Today is the 22nd anniversary of Jessica's birth. Can I still call it her birthday if she's not here?
You know what sucks? Trying to buy a birthday card for a young woman who will never read it. Trying to find a birthday card that says, "I love you, I miss you, I'm sorry that your life was cut so short when it had such possibilities, oh, and yeah, it's your birthday but you aren't here." Hallmark could make a mint if they had that card line. Hell, I could write it.
I was holding on by a thread today in the store, trying to buy a card that I could take to her grave tomorrow. I have tried to look at the birthday cards days, weeks, even months before her actual birthday week just so I don't have to try to not have a meltdown. It doesn't work. I never can find what I want, and I keep thinking I'll keep looking and find the perfect card. Well, it didn't happen this year.
As I'm perusing Hallmark for other cards (a couple of weddings and Father's Day), I'm reading all these cards that say best wishes, hope your dreams come true, you have a bright future, etc. Yeah, not exactly the sentiment I'm looking to convey today, thanks. Finally, I find a card with a picture of a young girl wearing oversized sunglasses outlined in rhinestones, and on the inside it says "you're too extraordinary to have an ordinary birthday." That's the closest I'll find to the sentiment I'm trying to express.
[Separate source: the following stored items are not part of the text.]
lemma qbinom_eq_gauss_binom:
  fixes p :: "'a::{idom_divide,inverse}"
  assumes "\<And>m. qpoch p p m \<noteq> 0" and "0 \<le> B" and "B \<le> A"
  shows "qbinom p A B = gauss_binom p (nat A) (nat B)"
proof -
  define m where "m = nat (A - B)"
  from assms(2,3) have A: "nat A = m + nat B"
    by (simp add: m_def)
  have "qbinom p A B = qpoch p p (nat A) / (qpoch p p (nat B) * qpoch p p m)"
    using assms(2,3) by (simp add: qbinom_def m_def)
  also have "\<dots> = gauss_binom p (nat A) (nat B) * (qpoch p p (nat B) * qpoch p p m)
      / (qpoch p p (nat B) * qpoch p p m)"
    unfolding A by (simp only: gauss_binom_mult_qpoch)
  also have "\<dots> = gauss_binom p (nat A) (nat B)"
    using assms(1) by (intro nonzero_mult_div_cancel_right) simp
  finally show ?thesis .
qed

lemma sum_legendre3_qbinom_fps:
  "(\<Sum>j\<in>{- int L - 1 .. int L}.
      (-1) ^ nat \<bar>j\<bar> * fps_X ^ nat (j^2) * of_int (legendre3 (j + 1))
      * qbinom (fps_X ^ 2) (2 * int L + 1) (int L - j))
    = (\<Prod>i<L. 1 + fps_X^(2*i+1) + (fps_X^(2*i+1))^2 :: 'a::field fps)"
proof -
  have nonzero: "qpoch (fps_X^2) (fps_X^2) m \<noteq> (0 :: 'a fps)" for m
    by (rule qpoch_fps_nonzero) simp
  have qbinom: "qbinom (fps_X^2) (2 * int L + 1) (int L - j)
      = gauss_binom (fps_X^2 :: 'a fps) (2*L+1) (nat (int L - j))"
    if "j \<in> {- int L - 1 .. int L}" for j
    using qbinom_eq_gauss_binom[of "fps_X^2" "int L - j" "2 * int L + 1", OF nonzero] that
    by (simp add: nat_add_distrib nat_mult_distrib)
  have "(\<Sum>j\<in>{- int L - 1 .. int L}.
      (-1) ^ nat \<bar>j\<bar> * fps_X ^ nat (j^2) * of_int (legendre3 (j + 1))
      * qbinom (fps_X ^ 2) (2 * int L + 1) (int L - j))
    = (\<Sum>j\<in>{- int L - 1 .. int L}.
      (-1) ^ nat \<bar>j\<bar> * fps_X ^ nat (j^2) * of_int (legendre3 (j + 1))
      * gauss_binom (fps_X^2 :: 'a fps) (2*L+1) (nat (int L - j)))"
    by (rule sum.cong[OF refl]) (simp only: qbinom)
  also have "\<dots> = (\<Prod>i<L. 1 + fps_X^(2*i+1) + (fps_X^(2*i+1))^2)"
    by (rule mult_left_cancel[OF power_not_zero[OF fps_X_neq_zero], THEN iffD1,
          OF finite_triple_product_at_omega])
  finally show ?thesis .
qed
text \<open>X is a finite-dimensional real vector space 'a::euclidean_space;
  its dual Y = X* is identified with 'a via the inner product, so the duality pairing
  <q,p> is q \<bullet> p. Elements of N* = Y \<times> X are pairs (p,q) :: 'a \<times> 'a as well.\<close>

definition dual_pair :: "('a::real_inner \<times> 'a) \<Rightarrow> ('a \<times> 'a) \<Rightarrow> real" where
  "dual_pair w z = snd w \<bullet> snd z + fst z \<bullet> fst w"

definition Jmap :: "('a::real_vector \<times> 'a) \<Rightarrow> ('a \<times> 'a)" where
  "Jmap z = (- snd z, fst z)"

definition Jstar :: "('a::real_vector \<times> 'a) \<Rightarrow> ('a \<times> 'a)" where
  "Jstar w = (- snd w, fst w)"

definition omega :: "('a::real_inner \<times> 'a) \<Rightarrow> ('a \<times> 'a) \<Rightarrow> real" where
  "omega z1 z2 = dual_pair (Jmap z1) z2"  \<comment> \<open>= <q1,p2> - <q2,p1>\<close>

definition symp_grad :: "(real \<Rightarrow> 'a::real_vector \<times> 'a \<Rightarrow> 'a \<times> 'a) \<Rightarrow> real \<Rightarrow> 'a \<times> 'a \<Rightarrow> 'a \<times> 'a" where
  "symp_grad DH t z = - Jstar (DH t z)"

definition hamiltonian_C1 ::
  "real \<Rightarrow> (real \<Rightarrow> 'a::euclidean_space \<times> 'a \<Rightarrow> real) \<Rightarrow> (real \<Rightarrow> 'a \<times> 'a \<Rightarrow> real)
     \<Rightarrow> (real \<Rightarrow> 'a \<times> 'a \<Rightarrow> 'a \<times> 'a) \<Rightarrow> bool" where
  "hamiltonian_C1 T H dtH DH \<longleftrightarrow>
     (\<forall>t\<in>{0..T}. \<forall>z. ((\<lambda>(s, w). H s w) has_derivative
         (\<lambda>(ds, dz). ds * dtH t z + dual_pair (DH t z) dz)) (at (t, z) within {0..T} \<times> UNIV))
   \<and> continuous_on ({0..T} \<times> UNIV) (\<lambda>(t, z). dtH t z)
   \<and> continuous_on ({0..T} \<times> UNIV) (\<lambda>(t, z). DH t z)"

definition ereal_convex :: "('b::real_vector \<Rightarrow> ereal) \<Rightarrow> bool" where
  "ereal_convex f \<longleftrightarrow> convex {(x, c::real). f x \<le> ereal c}"

definition ereal_lsc :: "('b::topological_space \<Rightarrow> ereal) \<Rightarrow> bool" where
  "ereal_lsc f \<longleftrightarrow> (\<forall>c::ereal. closed {x. f x \<le> c})"

definition symp_conj :: "('a::real_inner \<times> 'a \<Rightarrow> ereal) \<Rightarrow> 'a \<times> 'a \<Rightarrow> ereal" where
  "symp_conj \<phi> z' = (SUP z. ereal (omega z' z) - \<phi> z)"

definition symp_subdiff :: "('a::real_inner \<times> 'a \<Rightarrow> ereal) \<Rightarrow> 'a \<times> 'a \<Rightarrow> ('a \<times> 'a) set" where
  "symp_subdiff \<phi> z = {z'. \<phi> z < \<infinity> \<and> (\<forall>z''. \<phi> (z + z'') \<ge> \<phi> z + ereal (omega z' z''))}"

definition paths :: "real \<Rightarrow> ('b \<Rightarrow> 'b) \<Rightarrow> (real \<Rightarrow> 'b \<Rightarrow> 'b::real_normed_vector)
     \<Rightarrow> (real \<Rightarrow> 'b \<Rightarrow> 'b) \<Rightarrow> bool" where
  "paths T F \<Psi> \<Psi>' \<longleftrightarrow>
     (\<forall>z. \<Psi> 0 z = z \<and> \<Psi> T z = F z)
   \<and> (\<forall>z. \<forall>t\<in>{0..T}. ((\<lambda>s. \<Psi> s z) has_vector_derivative \<Psi>' t z) (at t within {0..T}))
   \<and> (\<forall>z. continuous_on {0..T} (\<lambda>t. \<Psi>' t z))"

definition gibbs :: "(real \<Rightarrow> 'b::euclidean_space \<Rightarrow> real) \<Rightarrow> real \<Rightarrow> real \<Rightarrow> real
     \<Rightarrow> ('b \<Rightarrow> 'b) \<Rightarrow> 'b measure" where
  "gibbs H \<alpha> \<beta> t G = density lborel (\<lambda>z. ennreal (exp (- (\<alpha> + \<beta> * H t (G z)))))"

definition eint_on :: "'b measure \<Rightarrow> 'b set \<Rightarrow> ('b \<Rightarrow> ereal) \<Rightarrow> ereal" where
  "eint_on M A f = enn2ereal (\<integral>\<^sup>+x\<in>A. e2ennreal (f x) \<partial>M)
                 - enn2ereal (\<integral>\<^sup>+x\<in>A. e2ennreal (- f x) \<partial>M)"

definition cost :: "real \<Rightarrow> (real \<Rightarrow> 'a::euclidean_space \<times> 'a \<Rightarrow> real) \<Rightarrow> (real \<Rightarrow> 'a \<times> 'a \<Rightarrow> real)
     \<Rightarrow> (real \<Rightarrow> 'a \<times> 'a \<Rightarrow> 'a \<times> 'a) \<Rightarrow> ('a \<times> 'a \<Rightarrow> ereal) \<Rightarrow> real \<Rightarrow> real
     \<Rightarrow> (real \<Rightarrow> 'a \<times> 'a \<Rightarrow> 'a \<times> 'a) \<Rightarrow> (real \<Rightarrow> 'a \<times> 'a \<Rightarrow> 'a \<times> 'a) \<Rightarrow> ('a \<times> 'a) set \<Rightarrow> ereal" where
  "cost T H dtH DH \<phi> \<alpha> \<beta> \<Psi> \<Psi>' B =
     eint_on lborel {0..T} (\<lambda>t. eint_on (gibbs H \<alpha> \<beta> t (\<Psi> t)) B
        (\<lambda>z. \<phi> (\<Psi>' t z) + symp_conj \<phi> (\<Psi>' t z - symp_grad DH t (\<Psi> t z)) - ereal (dtH t (\<Psi> t z))))"

text \<open>Regularity allowing differentiation under the integral sign: joint continuity of \<Psi>, \<Psi>'.\<close>
definition path_regular :: "real \<Rightarrow> (real \<Rightarrow> 'b \<Rightarrow> 'b::real_normed_vector) \<Rightarrow> (real \<Rightarrow> 'b \<Rightarrow> 'b) \<Rightarrow> bool" where
  "path_regular T \<Psi> \<Psi>' \<longleftrightarrow>
     continuous_on ({0..T} \<times> UNIV) (\<lambda>(t, z). \<Psi> t z) \<and> continuous_on ({0..T} \<times> UNIV) (\<lambda>(t, z). \<Psi>' t z)"

end

theory Submission
  imports Defs
begin

text \<open>Along a path \<open>\<Psi>\<close> the Gibbs weight \<open>\<rho>(t, z) = exp (-(\<alpha> + \<beta> H(t, \<Psi>(t, z))))\<close> satisfies
  \<open>\<partial>\<^sub>t \<rho> = \<beta> r \<rho>\<close> with energy loss rate \<open>r = -(\<partial>\<^sub>t H + \<langle>DH, \<Psi>'\<rangle>)\<close>. As \<open>XH = -J\<^sup>* DH\<close>, we have
  \<open>\<omega>(\<Psi>'\<^sub>D, \<Psi>') = -\<langle>DH, \<Psi>'\<rangle>\<close>, so the integrand of the cost splits as \<open>r\<close> plus the Fenchel gap
  \<open>\<phi>(\<Psi>') + \<phi>\<^sup>*\<^sup>\<omega>(\<Psi>'\<^sub>D) - \<omega>(\<Psi>'\<^sub>D, \<Psi>')\<close>, which is nonnegative by the symplectic Fenchel inequality.
  Integrating \<open>r\<close> against \<open>\<mu>\<^sub>t\<close> over \<open>[0, T] \<times> B\<close> gives, by Fubini and the fundamental theorem of
  calculus, \<open>(\<mu>(H, F)(B) - \<mu>(H, id)(B)) / \<beta>\<close>. Hence \<open>\<beta> C(\<Psi>)(B)\<close> exceeds the increase of the Gibbs
  measure by \<open>\<beta>\<close> times the integrated gap, which vanishes iff the gap vanishes almost everywhere,
  i.e. iff \<open>\<Psi>'\<^sub>D \<in> \<partial>\<^sup>\<omega>\<phi>(\<Psi>')\<close> a.e. The increase does not depend on the path, so such paths have
  minimal cost.\<close>

section \<open>Symplectic Fenchel duality\<close>

lemma omega_add_right: "omega z' (z + w) = omega z' z + omega z' (w::'a::real_inner \<times> 'a)"
  by (simp add: omega_def dual_pair_def Jmap_def inner_add_left inner_add_right)

lemma omega_diff_right: "omega z' (w - z) = omega z' w - omega z' (z::'a::real_inner \<times> 'a)"
  by (simp add: omega_def dual_pair_def Jmap_def inner_diff_left inner_diff_right)

lemma omega_diff_symp_grad:
  "omega (v - symp_grad DH t x) v = - dual_pair (DH t x) (v::'a::real_inner \<times> 'a)"
  by (simp add: omega_def dual_pair_def Jmap_def symp_grad_def Jstar_def inner_diff_left
      inner_diff_right inner_commute algebra_simps)

lemma dual_pair_scaleR_right: "dual_pair w (h *\<^sub>R v) = h * dual_pair w (v::'a::real_inner \<times> 'a)"
  by (simp add: dual_pair_def algebra_simps)

lemma omega_le_symp_conj: "ereal (omega z' z) - \<phi> z \<le> symp_conj \<phi> z'"
  unfolding symp_conj_def by (rule SUP_upper) simp

lemma symp_fenchel_ineq:
  assumes "\<phi> z \<noteq> - \<infinity>"
  shows "ereal (omega z' z) \<le> \<phi> z + symp_conj \<phi> z'"
  using omega_le_symp_conj[of z' z \<phi>] assms
  by (cases "\<phi> z"; cases "symp_conj \<phi> z'") auto

lemma symp_fenchel_eq_iff_subdiff:
  assumes not_minf: "\<And>z. \<phi> z \<noteq> - \<infinity>"
  shows "ereal (omega z' z) = \<phi> z + symp_conj \<phi> z' \<longleftrightarrow> z' \<in> symp_subdiff \<phi> z"
proof
  assume eq: "ereal (omega z' z) = \<phi> z + symp_conj \<phi> z'"
  then obtain a where a: "\<phi> z = ereal a" using not_minf[of z] by (cases "\<phi> z") auto
  have conj: "symp_conj \<phi> z' = ereal (omega z' z - a)"
    using eq a by (cases "symp_conj \<phi> z'") auto
  show "z' \<in> symp_subdiff \<phi> z"
    unfolding symp_subdiff_def
  proof safe
    show "\<phi> z < \<infinity>" using a by simp
    fix z''
    have "ereal (omega z' z + omega z' z'') - \<phi> (z + z'') \<le> ereal (omega z' z - a)"
      using omega_le_symp_conj[of z' "z + z''" \<phi>] conj by (simp add: omega_add_right)
    then show "\<phi> z + ereal (omega z' z'') \<le> \<phi> (z + z'')"
      using a not_minf[of "z + z''"] by (cases "\<phi> (z + z'')") auto
  qed
next
  assume "z' \<in> symp_subdiff \<phi> z"
  then have "\<phi> z < \<infinity>" and sub: "\<And>z''. \<phi> z + ereal (omega z' z'') \<le> \<phi> (z + z'')"
    unfolding symp_subdiff_def by auto
  then obtain a where a: "\<phi> z = ereal a" using not_minf[of z] by (cases "\<phi> z") auto
  have "symp_conj \<phi> z' \<le> ereal (omega z' z - a)"
    unfolding symp_conj_def
  proof (rule SUP_least)
    fix w
    have "ereal (a + omega z' w - omega z' z) \<le> \<phi> w"
      using sub[of "w - z"] a by (simp add: omega_diff_right add_diff_eq)
    then show "ereal (omega z' w) - \<phi> w \<le> ereal (omega z' z - a)"
      using not_minf[of w] by (cases "\<phi> w") auto
  qed
  with omega_le_symp_conj[of z' z \<phi>] a have "symp_conj \<phi> z' = ereal (omega z' z - a)"
    by simp
  then show "ereal (omega z' z) = \<phi> z + symp_conj \<phi> z'" using a by simp
qed

section \<open>Lower semicontinuity and measurability\<close>

lemma borel_measurable_ereal_lsc:
  fixes f :: "'b::topological_space \<Rightarrow> ereal"
  assumes "ereal_lsc f"
  shows "f \<in> borel_measurable borel"
proof (rule borel_measurableI_le)
  fix y
  have "closed {x. f x \<le> y}" using assms unfolding ereal_lsc_def by blast
  then show "{x \<in> space borel. f x \<le> y} \<in> sets borel" by simp
qed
I take it, and head to the register, knowing I've got about 25.7 seconds before I go into meltdown mode.
I hand over the cards and ask for a happy birthday balloon. "Oh, those are in the back of the store, you can go back there and pick one out." Fan-frakin-tastic. Do you not see I'm teetering on the edge of a full-on crying jag? So, I head to the back, find a balloon, and pray that the helium is on supercharge because I'm not sure how long I can last. As I'm distracting myself from sitting down on the floor and sobbing, I hear the overhead music start playing Fergie's Big Girls Don't Cry. I had to laugh - it's like she's just screwing with me sometimes, you know?
Balloon in hand, I pay for everything, get to my car, and start it to cool down (it's 100 degrees here today, folks.) I'm thinking of a song I can post for her birthday, and the radio starts playing Tupac's California Love. I just have to laugh again, because we used to crank this song and just sing along - yeah, I know, we're white girls but dang it was fun.
I manage to make it home with only a minor crying episode, and then when I got home I let it out. Damn it, you'd think it would get easier but it just seems to get harder on certain days. I can ignore it for a while but when it rears its ugly head it knocks me down so hard.
As much I love Tupac, I think I'll share this song with you. I have always loved this song, and now it reminds me of Jessica, in the line about being a bird and wishing you could fly fly fly. When she was little she loved Forrest Gump and would do the Jenny line about "dear God please make me a bird so I can fly far far far from here."
Funny how you can look at song lyrics after something significant happens and think damn, that's exactly how I feel. Especially the line about being a "troubled soul weighted to the ground - give me the strength to carry on until I can lay my burden down."
You've got your wings now, Jess - fly fly fly.